Choosing experienced, compassionate mentors can make a big difference in how well we care for our bodies, minds, hearts, and spirits!
Choosing experienced, compassionate mentors can make a big difference in how well we care for our bodies, minds, hearts, and spirits!

A couple months ago I got very, very sick.

It was the kind of sick where you walk around the house muttering to yourself, “I am soooo sick,” because you are so sick you are afraid you will forget how sick you are and attempt to do something stupid (like go to make tea and accidentally burn the house down instead).

I was so sick that even the tiniest, simplest daily tasks felt monumental.

Get out of bed. Whew. Check.

Brush teeth. Give me a minute on this one.

Shower. Not gonna happen.

Get back in bed. Whew. Check.

Making meals, brushing hair, changing clothes, answering emails (lucidly), applying deodorant….mostly, these things had to wait.

And in the couple of weeks it took to begin to heal, I found myself meditating daily on what a big responsibility it is to have a body to take care of! 

At which point I then found myself wondering who had decided I was ready for such a big responsibility, how they decided, and what tests I had to pass before they decided.

If any.

Judging from the way I cared for my body in the first couple of decades I had it, I don’t think I had to pass any tests. I also don’t think I got my body through any of the ‘official’ channels.

I was a terrible caretaker.

Oh, my body looked okay (mostly) on the outside – I showered, moisturized, fixed my hair, wore appropriate outfits on appropriate occasions.

But on the inside, everything was a mess.

I was hungry, thirsty, exhausted, and most of all confused about how it was all supposed to work, anyway.

I also felt continually bombarded by conflicting advice on how to care for a human body.

Some advice seemed to suggest making it smaller (no matter what) – other advice leaned more towards cosmetic enhancements (and even expensive alterations, if necessary).

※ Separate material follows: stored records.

text \<open>State after t rounds: (R, hist). Since every round permutes the set of positions by a
  rotation, after t rounds agent i sits at p ((i + R) mod n); hist i is the list of observations
  (clockwise distances in the agent's own orientation) of agent i, one per round.\<close>
fun run :: "(nat \<Rightarrow> nat \<Rightarrow> bool \<Rightarrow> real list \<Rightarrow> bool) \<Rightarrow> nat \<Rightarrow> nat \<Rightarrow> (nat \<Rightarrow> real)
    \<Rightarrow> (nat \<Rightarrow> bool) \<Rightarrow> (nat \<Rightarrow> nat) \<Rightarrow> (nat \<Rightarrow> bool) \<Rightarrow> nat \<Rightarrow> nat \<times> (nat \<Rightarrow> real list)" where
  "run move N n p ori ident d 0 = (0, \<lambda>i. [])"
| "run move N n p ori ident d (Suc t) =
    (let (R, h) = run move N n p ori ident d t;
         cw = (\<lambda>i. move N (ident i) (d i) (h i) = ori i);
         r = rot_index n cw;
         obs = (\<lambda>i. let k = (i + R) mod n; k' = (i + R + r) mod n in
                      if ori i then cwd (p k) (p k') else cwd (p k') (p k))
     in ((R + r) mod n, \<lambda>i. h i @ [obs i]))"

definition leader_elected ::
  "(nat \<Rightarrow> nat \<Rightarrow> bool \<Rightarrow> real list \<Rightarrow> bool) \<Rightarrow> (nat \<Rightarrow> nat \<Rightarrow> bool \<Rightarrow> real list \<Rightarrow> bool)
     \<Rightarrow> nat \<Rightarrow> nat \<Rightarrow> (nat \<Rightarrow> real) \<Rightarrow> (nat \<Rightarrow> bool) \<Rightarrow> (nat \<Rightarrow> nat) \<Rightarrow> (nat \<Rightarrow> bool) \<Rightarrow> nat \<Rightarrow> bool" where
  "leader_elected move decide N n p ori ident d t \<longleftrightarrow>
     card {i. i < n \<and> decide N (ident i) (d i) (snd (run move N n p ori ident d t) i)} = 1"
lemma fst_tree_chain: "fst ` tree_chain T = Suc ` true_positions (tree_word T)"
proof (induction T rule: tree_chain.induct)
  case 1
  then show ?case
    by simp
next
  case (2 t ts)
  let ?k = "Suc (edges t)" and ?w = "tree_word (Node ts)"
  have "fst ` tree_chain (Node (t # ts)) = Suc ` fst ` tree_chain t \<union>
      (if ts = [] then {} else insert (Suc ?k) ((\<lambda>a. a + ?k) ` fst ` tree_chain (Node ts)))"
    by (simp add: image_Un fst_image_translate)
  also have "\<dots> = Suc ` Suc ` true_positions (tree_word t) \<union>
      (if ts = [] then {} else insert (Suc ?k) ((\<lambda>a. a + ?k) ` Suc ` true_positions ?w))"
    using 2 by simp
  also have "\<dots> = Suc ` true_positions (tree_word (Node (t # ts)))"
    using tree_word_eq_Nil_iff[of "Node ts"]
    by (simp add: true_positions_Cons true_positions_append true_positions_mark_head
        image_Un image_image length_tree_word ac_simps)
  finally show ?case .
qed

section \<open>321-avoiding permutations and deficiency chains\<close>

lemma card_permutes_filter:
  assumes "\<pi> permutes A"
  shows "card {x \<in> A. P (\<pi> x)} = card {y \<in> A. P y}"
proof -
  have "\<pi> ` {x \<in> A. P (\<pi> x)} = {y \<in> A. P y}"
    using permutes_image[OF assms] by force
  moreover have "inj_on \<pi> {x \<in> A. P (\<pi> x)}"
    using permutes_inj_on[OF assms] by (rule inj_on_subset) blast
  ultimately show ?thesis
    using card_image by metis
qed

lemma S321_permutes: "\<pi> \<in> S321 n \<Longrightarrow> \<pi> permutes {1..n}"
  and S321_avoids321: "\<pi> \<in> S321 n \<Longrightarrow> avoids321 n \<pi>"
  by (simp_all add: S321_def)

lemma S321_in_range: "\<pi> \<in> S321 n \<Longrightarrow> i \<in> {1..n} \<Longrightarrow> \<pi> i \<in> {1..n}"
  by (rule permutes_in_image[OF S321_permutes, THEN iffD2])

lemma S321_weak_exc_less:
  assumes "\<pi> \<in> S321 n" "1 \<le> i" "i < j" "j \<le> n" "weak_exc \<pi> i" "weak_exc \<pi> j"
  shows "\<pi> i < \<pi> j"
proof (rule ccontr)
  assume "\<not> \<pi> i < \<pi> j"
  moreover have "\<pi> i \<noteq> \<pi> j"
    using permutes_inj[OF S321_permutes[OF assms(1)]] assms(3) by (metis inj_eq less_irrefl)
  ultimately have ji: "\<pi> j < \<pi> i"
    by simp
  define X where "X = {c \<in> {1..n}. \<pi> c < \<pi> j}"
  have "card X = card {v \<in> {1..n}. v < \<pi> j}"
    using card_permutes_filter[OF S321_permutes[OF assms(1)], of "\<lambda>v. v < \<pi> j"] by (simp add: X_def)
  also have "{v \<in> {1..n}. v < \<pi> j} = {1..<\<pi> j}"
    using S321_in_range[OF assms(1), of j] assms by auto
  finally have "card X = \<pi> j - 1"
    by simp
  have "\<not> X \<subseteq> {1..<j} - {i}"
  proof
    assume "X \<subseteq> {1..<j} - {i}"
    then have "card X \<le> card ({1..<j} - {i})"
      by (intro card_mono) auto
    also have "\<dots> = j - 2"
      using assms by simp
    finally show False
      using \<open>card X = \<pi> j - 1\<close> assms unfolding weak_exc_def by simp
  qed
  then obtain c where c: "c \<in> X" "c \<notin> {1..<j} - {i}"
    by blast
  then have "c \<noteq> j" "c \<noteq> i"
    using ji by (auto simp: X_def)
  then have "j < c" "c \<le> n" "\<pi> c < \<pi> j"
    using c by (auto simp: X_def)
  then show False
    using S321_avoids321[OF assms(1)] assms ji unfolding avoids321_def by blast
qed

Still other advice emphasized keeping it very, very fit….oh so fit.

But each piece of advice also seemed to conflict with all the other pieces of advice (for instance, the “very, very fit” directive seemed to conflict with the “ever-smaller” directive, and so forth).

So I floundered for awhile….for a very long while.

Then I started my recovery journey, and began to learn about eating according to what my body needed (“intuitive eating”), sleeping when my body needed to rest, drinking when my body needed hydration, strengthening and toning when my body needed to stretch and burn off toxins, and so forth.

I started to feel a bit more competent in basic daily body care – but it took another nearly two decades to unlearn the wrong lessons I had memorized initially and replace those with other, more accurate and healthy lessons.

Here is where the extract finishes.